その理由はひとえに現在の国王ゴーチェ三世が無能な暗君であり、貴族たちの承認くらいしか仕事をこなさないからだ。 これで国王が自己判断を行えるのなら利益の対立した貴族派とで権力闘争が起きる可能性もあったが、生憎と政治にさしてやる気を見せない国王ならばお飾りとしてなるべく長く玉座に座っていてもらった方が都合がいいと皮肉にも政権はまとまりを見せている。
そういったことを思えば、今回の王女暗殺未遂にはそもそも利益の面からの動機が誰にもない。
「となれば、私怨かしら」
「王女個人の人間関係となれば俺では探り様がないな」
「やはりまずは証拠を固めてこの女が無罪であることを証明するほかなさそうですね」
こんな女のために労力を払うのか、という心情をありありと眼差しで訴えながらレイ中尉はオーレリアを見据えていた。
ヴィクトルもそれに同意するように頷くと、静かにレイ中尉へと耳打ちをした。
「か、閣下! 本気ですか?」
「俺は冗談は上手くない」
昼下がりの王都の大通りを馬車が走っていた。 装飾などがほとんどない質素な馬車であったが扉には王国の軍の紋章が描かれていた。

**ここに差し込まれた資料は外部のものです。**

(* Let $i,j\geq 1$ and $n\geq 1$ be integers. Let $U(i,j,n)$ be the set of all triples $(L_1,L_2,L_3)$ of lattice walks of length $n$ with steps $U=(1,1)$ and $D=(1,-1)$, where $L_1$ starts at $(0,0)$, $L_2$ starts at $(0,2i)$ and $L_3$ starts at $(0,2i+2j)$. Let $M_{12,23}(n)$ be the set of triples $(L_1,L_2,L_3)\in U(i,j,n)$ such that $L_2$ intersects both $L_1$ and $L_3$, and let $M_{13}(n)$ be the set of triples $(L_1,L_2,L_3)\in U(i,j,n)$ such that $L_1$ intersects $L_3$. Then there exists a bijection between $M_{12,23}(n)$ and $M_{13}(n)$.
   Context: A walk of length $n$ is a lattice path consisting of $n$ steps, each an up step $(1,1)$ or a down step $(1,-1)$. Two walks are said to intersect if they share a common lattice point. *)

theory Defs
  imports Main
begin

(* A walk of length n is a list of n steps; True = up step (1,1), False = down step (1,-1). *)
definition walks :: "nat \<Rightarrow> bool list set" where
  "walks n = {w. length w = n}"

definition step_val :: "bool \<Rightarrow> int" where
  "step_val b = (if b then 1 else -1)"

definition height :: "int \<Rightarrow> bool list \<Rightarrow> nat \<Rightarrow> int" where
  "height h w t = h + (\<Sum>k<t. step_val (w ! k))"

definition points :: "int \<Rightarrow> bool list \<Rightarrow> (int \<times> int) set" where
  "points h w = {(int t, height h w t) | t. t \<le> length w}"

definition intersect :: "int \<Rightarrow> bool list \<Rightarrow> int \<Rightarrow> bool list \<Rightarrow> bool" where
  "intersect h1 w1 h2 w2 \<longleftrightarrow> points h1 w1 \<inter> points h2 w2 \<noteq> {}"

definition U :: "nat \<Rightarrow> nat \<Rightarrow> nat \<Rightarrow> (bool list \<times> bool list \<times> bool list) set" where
  "U i j n = walks n \<times> walks n \<times> walks n"

definition M12_23 :: "nat \<Rightarrow> nat \<Rightarrow> nat \<Rightarrow> (bool list \<times> bool list \<times> bool list) set" where
  "M12_23 i j n = {(L1, L2, L3) \<in> U i j n.
      intersect 0 L1 (2 * int i) L2 \<and> intersect (2 * int i) L2 (2 * int i + 2 * int j) L3}"

definition M13 :: "nat \<Rightarrow> nat \<Rightarrow> nat \<Rightarrow> (bool list \<times> bool list \<times> bool list) set" where
  "M13 i j n = {(L1, L2, L3) \<in> U i j n. intersect 0 L1 (2 * int i + 2 * int j) L3}"

end

theory Submission
  imports Defs
begin

text \<open>Let t be the first time at which the middle walk meets one of its neighbours (the lower one
wins a tie), and exchange the tails after t of the two walks that meet there. The three walks are
unchanged up to t, so t and the choice of pair are the same for the image: the map is an
involution. If L2 meets both neighbours, then after the exchange one outer walk follows the tail
of L2 past t, where L2 still meets the other outer walk; so the image lies in M13. Conversely, if
L1 meets L3 at u, then L2, which starts strictly between them at even distance, meets one of them
no later than u, and after the exchange the middle walk meets both.\<close>

definition meets :: "int \<Rightarrow> bool list \<Rightarrow> int \<Rightarrow> bool list \<Rightarrow> nat \<Rightarrow> bool" where
  "meets h1 x h2 y t \<longleftrightarrow> t \<le> length x \<and> t \<le> length y \<and> height h1 x t = height h2 y t"

definition swap_tail :: "nat \<Rightarrow> bool list \<Rightarrow> bool list \<Rightarrow> bool list" where
  "swap_tail p x y = take p x @ drop p y"

lemma intersect_iff_meets: "intersect h1 x h2 y \<longleftrightarrow> (\<exists>t. meets h1 x h2 y t)"
  unfolding intersect_def points_def meets_def by auto

lemma meets_sym: "meets h1 x h2 y t \<longleftrightarrow> meets h2 y h1 x t"
  unfolding meets_def by auto

lemma height_Suc: "height h w (Suc t) = height h w t + step_val (w ! t)"
  by (simp add: height_def)

lemma height_0 [simp]: "height h w 0 = h"
  by (simp add: height_def)

lemma height_diff_Suc_ge:
  "height h2 y t - height h1 x t - 2 \<le> height h2 y (Suc t) - height h1 x (Suc t)"
  by (simp add: height_Suc step_val_def)

lemma even_height_diff:
  assumes "even (h2 - h1)"
  shows "even (height h2 y t - height h1 x t)"
proof (induction t)
  case (Suc t)
  have "even (step_val (y ! t) - step_val (x ! t))"
    by (simp add: step_val_def)
  with Suc show ?case
    by (simp add: height_Suc algebra_simps)
qed (use assms in simp)

lemma height_eq_if_take_eq:
  assumes "take p x = take p y" "t \<le> p"
  shows "height h x t = height h y t"
proof -
  have "x ! k = y ! k" if "k < t" for k
    using assms that by (metis less_le_trans nth_take)
  then show ?thesis
    by (simp add: height_def)
qed

lemma meets_eq_if_take_eq:
  assumes "take p x = take p x'" "take p y = take p y'"
    "length x = length x'" "length y = length y'" "t \<le> p"
  shows "meets h1 x h2 y t \<longleftrightarrow> meets h1 x' h2 y' t"
  using assms height_eq_if_take_eq unfolding meets_def by metis

lemma length_swap_tail:
  "p \<le> length x \<Longrightarrow> p \<le> length y \<Longrightarrow> length (swap_tail p x y) = length y"
  by (simp add: swap_tail_def)

lemma take_swap_tail: "p \<le> length x \<Longrightarrow> take p (swap_tail p x y) = take p x"
  by (simp add: swap_tail_def)

lemma swap_tail_swap_tail:
  "p \<le> length x \<Longrightarrow> p \<le> length y \<Longrightarrow> swap_tail p (swap_tail p x y) (swap_tail p y x) = x"
  by (simp add: swap_tail_def)

lemma height_swap_tail_after:
  assumes "meets h1 x h2 y p" "p \<le> t"
  shows "height h1 (swap_tail p x y) t = height h2 y t"
  using assms(2)
proof (induction t rule: dec_induct)
  case base
  then show ?case
    using assms(1) height_eq_if_take_eq[OF take_swap_tail] by (simp add: meets_def)
next
  case (step t)
  have "swap_tail p x y ! t = y ! t"
    using assms(1) step.hyps by (simp add: swap_tail_def meets_def nth_append)
  with step.IH show ?case
    by (simp add: height_Suc)
qed

lemma meets_swap_tail_at:
  assumes "meets h1 x h2 y p"
  shows "meets h1 (swap_tail p x y) h2 (swap_tail p y x) p"
  using assms height_eq_if_take_eq[OF take_swap_tail, of p]
  by (simp add: meets_def length_swap_tail)

lemma zero_crossing_even_steps:
  fixes d :: "nat \<Rightarrow> int"
  assumes "0 < d 0" "d u \<le> 0" "\<And>k. d k - 2 \<le> d (Suc k)" "\<And>k. even (d k)"
  shows "\<exists>k\<le>u. d k = 0"
  using assms(2)
proof (induction u)
  case (Suc u)
  show ?case
  proof (cases "d u \<le> 0")
    case True
    then show ?thesis
      using Suc.IH le_SucI by blast
  next
    case False
    with assms(4)[of u] have "2 \<le> d u"
      by presburger
    with assms(3)[of u] Suc.prems have "d (Suc u) = 0"
      by linarith
    then show ?thesis
      by blast
  qed
qed (use assms(1) in simp)

lemma Least_eq_if_agree_upto:
  fixes t :: nat
  assumes "P t" "\<And>s. s \<le> t \<Longrightarrow> P s \<longleftrightarrow> Q s"
  shows "Least P = Least Q"
proof (rule Least_equality[symmetric])
  have "Least P \<le> t"
    using assms(1) by (rule Least_le)
  then show "Q (Least P)"
    using assms LeastI by blast
  show "Least P \<le> s" if "Q s" for s
    using assms that by (metis LeastI Least_le le_trans nat_le_linear)
qed

lemma middle_meets_before:
  assumes "h1 < h2" "h2 < h3" "even (h2 - h1)" "even (h3 - h2)"
    "length b = length a" "meets h1 a h3 c u"
  shows "\<exists>k\<le>u. meets h1 a h2 b k \<or> meets h2 b h3 c k"
proof (cases "height h2 b u \<le> height h1 a u")
  case True
  have "\<exists>k\<le>u. height h2 b k - height h1 a k = 0"
    by (rule zero_crossing_even_steps)
      (use assms True height_diff_Suc_ge even_height_diff in auto)
  then show ?thesis
    using assms(5,6) unfolding meets_def by force
next
  case False
  have "\<exists>k\<le>u. height h3 c k - height h2 b k = 0"
    by (rule zero_crossing_even_steps)
      (use assms False height_diff_Suc_ge even_height_diff in \<open>auto simp: meets_def\<close>)
  then show ?thesis
    using assms(5,6) unfolding meets_def by force
qed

「まずはあちらが提出した証拠写真の矛盾を証明しよう」
「一番分かりやすい方法としては替え玉でしょうね。 同じような背格好の女にドレスを着せておけば遠目には似ていると思えるかもしれません」
馬車の中の狭い空間でレイ中尉はヴィクトルの言葉に思いつきやすい推理を述べた。 無論、レイ中尉もこの思い付きを本気で口にしたわけではない。 替え玉など用意することはできないのだ。
「無理でしょうね。 横顔とはいえ私と似ているとなれば必ず話題になるわ」
庶民が着るような簡素な木綿のワンピース姿でオーレリアは呟いた。 頭から濃い布地のヴェールを被り素顔がのぞかれぬようにはしていたが、背筋をぴんと伸ばして座席に座る様は品があった。
現在、王族暗殺未遂という重罪を負っているはずのオーレリアを連れ出すともなればいくらヴィクトルでも相応の責任を追及されるはずだが、彼はそのリスクを負ってでもオーレリアを連れ出す意味があると考えていた。